Bratislava Highlights: Getting a successful hitch from Vienna Airport directly to my host’s place in Bratislava, by Slovak Jews that told me their personal story from the end of Communism.

Bratislava Lowlights: Realizing why everyone said not to stay in Bratislava for more than a day, as there just is nothing in the city other than the nice people that I met.

All pictures can be found at


5 Responses to Nashville to Norway

  1. Sharon says:

    I didn’t know that Chicago was your favorite downtown. I’m completely biased as to its amazingness, having spent so much time there growing up, but it’s interesting to hear you say that. I’m curious about why you felt like it’s trapped in the past. Was that vibe unique to Chicago or did you get that sense in regard to other midwestern cites you’ve visited well?

    Your highlights should also include seeing Rene Magritte’s “Time Transfixed” at the Art Institute of Chicago. And the lowlight of Edward Hopper’s “Nighthawks” not being there when you were.

    Also, Chicago-style deep dish pizza *is* pizza. :-p

  2. roniweiss says:

    I just recall old cars amongst old buildings with old signs. Many parts of town it didn’t feel renovated, but it also didn’t feel rundown. That was the key.
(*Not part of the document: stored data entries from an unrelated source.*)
(* Let $G$ be a cubic graph and let $J_1,J_2,J_3$ be three joins of $G$. For $i\in\{0,1,2,3\}$ let $E_i$ be the set of edges of $G$ contained in precisely $i$ of the sets $J_1,J_2,J_3$. Then $$|E_0|+\sum_{i=1}^3 n(J_i)=|E_2|+2|E_3|.$$
   Context: A join of a graph $H$ is a set $J\subseteq E(H)$ such that every vertex has degree of the same parity in $H$ and in the spanning subgraph $(V(H),J)$. In a cubic graph every vertex thus has degree $1$ or $3$ in a join $J$; a vertex of degree $3$ in $J$ is called a $J$-vertex, and $n(J)$ denotes the number of $J$-vertices. *)

theory Defs
  imports Main
begin

text \<open>A finite loopless multigraph: vertex set V, edge set E, and an incidence map
  assigning to each edge its set of two distinct endpoints (parallel edges allowed).\<close>
definition multigraph :: "'v set \<Rightarrow> 'e set \<Rightarrow> ('e \<Rightarrow> 'v set) \<Rightarrow> bool" where
  "multigraph V E ends \<longleftrightarrow> finite V \<and> finite E \<and>
     (\<forall>e\<in>E. ends e \<subseteq> V \<and> card (ends e) = 2)"

definition deg_in :: "('e \<Rightarrow> 'v set) \<Rightarrow> 'e set \<Rightarrow> 'v \<Rightarrow> nat" where
  "deg_in ends F v = card {e\<in>F. v \<in> ends e}"

definition cubic :: "'v set \<Rightarrow> 'e set \<Rightarrow> ('e \<Rightarrow> 'v set) \<Rightarrow> bool" where
  "cubic V E ends \<longleftrightarrow> multigraph V E ends \<and> (\<forall>v\<in>V. deg_in ends E v = 3)"

definition is_join :: "'v set \<Rightarrow> 'e set \<Rightarrow> ('e \<Rightarrow> 'v set) \<Rightarrow> 'e set \<Rightarrow> bool" where
  "is_join V E ends J \<longleftrightarrow> J \<subseteq> E \<and>
     (\<forall>v\<in>V. even (deg_in ends J v) = even (deg_in ends E v))"

definition nJ :: "'v set \<Rightarrow> ('e \<Rightarrow> 'v set) \<Rightarrow> 'e set \<Rightarrow> nat" where
  "nJ V ends J = card {v\<in>V. deg_in ends J v = 3}"

definition mult3 :: "'e set \<Rightarrow> 'e set \<Rightarrow> 'e set \<Rightarrow> 'e \<Rightarrow> nat" where
  "mult3 J1 J2 J3 e = (if e \<in> J1 then 1 else 0) + (if e \<in> J2 then 1 else 0) + (if e \<in> J3 then 1 else 0)"

definition Ei :: "'e set \<Rightarrow> 'e set \<Rightarrow> 'e set \<Rightarrow> 'e set \<Rightarrow> nat \<Rightarrow> 'e set" where
  "Ei E J1 J2 J3 i = {e\<in>E. mult3 J1 J2 J3 e = i}"

end

theory Submission
  imports Defs
begin

text \<open>Double counting of edge--vertex incidences gives 2|J_i| = |V| + 2 n(J_i) for each join, since
  every vertex has degree 1 or 3 in J_i, and 2|E| = 3|V|. Summing the three join equations and
  writing |J_1| + |J_2| + |J_3| = |E_1| + 2|E_2| + 3|E_3| and |E| = |E_0| + |E_1| + |E_2| + |E_3|
  yields the identity.\<close>

lemma multigraph_subset:
  "multigraph V E ends \<Longrightarrow> F \<subseteq> E \<Longrightarrow> multigraph V F ends"
  unfolding multigraph_def by (auto intro: finite_subset)

lemma handshake:
  assumes "multigraph V E ends"
  shows "(\<Sum>v\<in>V. deg_in ends E v) = 2 * card E"
proof -
  have fin: "finite V" "finite E" and ends: "\<And>e. e \<in> E \<Longrightarrow> ends e \<subseteq> V \<and> card (ends e) = 2"
    using assms by (auto simp: multigraph_def)
  have "(\<Sum>v\<in>V. deg_in ends E v) = (\<Sum>v\<in>V. \<Sum>e\<in>E. if v \<in> ends e then 1 else 0)"
    unfolding deg_in_def using fin by (simp add: sum.inter_filter[symmetric])
  also have "\<dots> = (\<Sum>e\<in>E. \<Sum>v\<in>V. if v \<in> ends e then 1 else 0)"
    by (rule sum.swap)
  also have "\<dots> = (\<Sum>e\<in>E. card (ends e))"
  proof (rule sum.cong)
    fix e assume "e \<in> E"
    then have "{v\<in>V. v \<in> ends e} = ends e" using ends by auto
    then show "(\<Sum>v\<in>V. if v \<in> ends e then 1 else 0) = card (ends e)"
      using fin by (simp add: sum.inter_filter[symmetric])
  qed simp
  also have "\<dots> = 2 * card E"
    using ends by simp
  finally show ?thesis .
qed

lemma cubic_card_edges:
  "cubic V E ends \<Longrightarrow> 2 * card E = 3 * card V"
  using handshake[of V E ends] by (simp add: cubic_def)

lemma deg_in_mono:
  "finite F \<Longrightarrow> J \<subseteq> F \<Longrightarrow> deg_in ends J v \<le> deg_in ends F v"
  unfolding deg_in_def by (intro card_mono) auto

lemma deg_in_join_cubic:
  assumes "cubic V E ends" and "is_join V E ends J" and "v \<in> V"
  shows "deg_in ends J v = 1 \<or> deg_in ends J v = 3"
proof -
  have "finite E" and deg_E: "deg_in ends E v = 3"
    using assms(1,3) unfolding cubic_def multigraph_def by blast+
  moreover have "J \<subseteq> E" and odd: "odd (deg_in ends J v)"
    using assms(2,3) deg_E unfolding is_join_def by auto
  ultimately have "deg_in ends J v \<le> 3"
    using deg_in_mono by metis
  with odd show ?thesis
    by (auto elim!: oddE)
qed

lemma card_join_cubic:
  assumes cubic: "cubic V E ends" and join: "is_join V E ends J"
  shows "2 * card J = card V + 2 * nJ V ends J"
proof -
  have "multigraph V E ends" and "J \<subseteq> E"
    using assms unfolding cubic_def is_join_def by blast+
  then have "finite V" and "multigraph V J ends"
    using multigraph_subset unfolding multigraph_def by blast+
  have "2 * card J = (\<Sum>v\<in>V. deg_in ends J v)"
    using handshake[OF \<open>multigraph V J ends\<close>] by simp
  also have "\<dots> = (\<Sum>v\<in>V. 1 + 2 * (if deg_in ends J v = 3 then 1 else 0))"
    using deg_in_join_cubic[OF cubic join] by (intro sum.cong) fastforce+
  also have "\<dots> = card V + 2 * (\<Sum>v\<in>V. if deg_in ends J v = 3 then 1 else 0)"
    by (simp only: sum.distrib sum_distrib_left[symmetric]) simp
  also have "\<dots> = card V + 2 * nJ V ends J"
    using \<open>finite V\<close> by (simp add: nJ_def sum.inter_filter[symmetric])
  finally show ?thesis .
qed

lemma atMost_3_nat: "{..3::nat} = {0, 1, 2, 3}"
  by auto

lemma mult3_le: "mult3 J1 J2 J3 e \<le> 3"
  by (simp add: mult3_def)

lemma sum_by_Ei:
  assumes "finite E"
  shows "(\<Sum>e\<in>E. h e) = (\<Sum>i\<le>3. \<Sum>e\<in>Ei E J1 J2 J3 i. h e)"
  unfolding Ei_def using assms mult3_le
  by (intro sum.group[symmetric]) auto

lemma card_eq_sum_card_Ei:
  "finite E \<Longrightarrow> card E = card (Ei E J1 J2 J3 0) + card (Ei E J1 J2 J3 1)
     + card (Ei E J1 J2 J3 2) + card (Ei E J1 J2 J3 3)"
  using sum_by_Ei[of E "\<lambda>_. 1::nat" J1 J2 J3] by (simp add: atMost_3_nat)

lemma sum_card_joins_eq_sum_card_Ei:
  assumes "finite E" and "J1 \<subseteq> E" "J2 \<subseteq> E" "J3 \<subseteq> E"
  shows "card J1 + card J2 + card J3
    = card (Ei E J1 J2 J3 1) + 2 * card (Ei E J1 J2 J3 2) + 3 * card (Ei E J1 J2 J3 3)"
proof -
  have card_sub: "card J = (\<Sum>e\<in>E. if e \<in> J then 1 else 0)" if "J \<subseteq> E" for J
    using that \<open>finite E\<close> by (simp add: sum.inter_filter[symmetric] Int_absorb1[unfolded Int_def])
  have "card J1 + card J2 + card J3 = (\<Sum>e\<in>E. mult3 J1 J2 J3 e)"
    using assms card_sub by (simp add: mult3_def sum.distrib)
  also have "\<dots> = (\<Sum>i\<le>3. \<Sum>e\<in>Ei E J1 J2 J3 i. mult3 J1 J2 J3 e)"
    using sum_by_Ei \<open>finite E\<close> .
  also have "\<dots> = (\<Sum>i\<le>3. i * card (Ei E J1 J2 J3 i))"
    by (intro sum.cong) (auto simp: Ei_def)
  finally show ?thesis
    by (simp add: atMost_3_nat)
qed

theorem proposition2p1:
  fixes V :: "'v set" and E :: "'e set" and ends :: "'e \<Rightarrow> 'v set"
    and J1 J2 J3 :: "'e set"
  assumes "cubic V E ends"
    and "is_join V E ends J1" and "is_join V E ends J2" and "is_join V E ends J3"
  shows "card (Ei E J1 J2 J3 0) + (nJ V ends J1 + nJ V ends J2 + nJ V ends J3)
         = card (Ei E J1 J2 J3 2) + 2 * card (Ei E J1 J2 J3 3)"
proof -
  have "finite E" and "J1 \<subseteq> E" "J2 \<subseteq> E" "J3 \<subseteq> E"
    using assms by (auto simp: cubic_def multigraph_def is_join_def)
  then show ?thesis
    using cubic_card_edges[OF assms(1)]
      card_join_cubic[OF assms(1,2)] card_join_cubic[OF assms(1,3)] card_join_cubic[OF assms(1,4)]
      card_eq_sum_card_Ei[OF \<open>finite E\<close>, of J1 J2 J3]
      sum_card_joins_eq_sum_card_Ei[OF \<open>finite E\<close> \<open>J1 \<subseteq> E\<close> \<open>J2 \<subseteq> E\<close> \<open>J3 \<subseteq> E\<close>]
    by linarith
qed

end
It just felt like it was stuck in time.

    And if I were to point out an Art Institute thing, it’d be “American Gothic”, as that’s a snazz picture. I think that’s also where I have my first yawning pic with an impressionist painting, no?

    And no, Chicago-style thick pastry dough with toppings is mislabeled.

  3. Sharon says:

    Chicago architecture reflects a variety of styles from different eras. I guess I see what you mean, but then certain areas could feel older still, depending on the architecture.

    I don’t know how I forgot about “American Gothic.” I just remembered that you like Magritte and that painting is just one of my favorites. And yes, I think you told me how you took a bunch of pictures to get the yawn just right…

    Lastly… New York-style pizza is served in wide, thin, foldable slices. California-style pizza is a single serving pizza with innovative ingredients. And Chicago-style deep dish pizza has a thick crust, cheese, toppings, and has to be eaten with a knife and fork. You can claim it isn’t pizza, but all of Chicagoland would disagree with you.

    That being said, I know I’m not going to change your mind, so I’d rather just agree to disagree.

  4. roniweiss says:

    Not exactly downtown, though.

    Eating with knives and forks is what separates a pizza from something else. This is a matter of opinion and one that cannot be reconciled.

  5. roniweiss says:

    Hence the atrocious ridiculousness to me when French people and the like eat a thin slice with a knife and fork.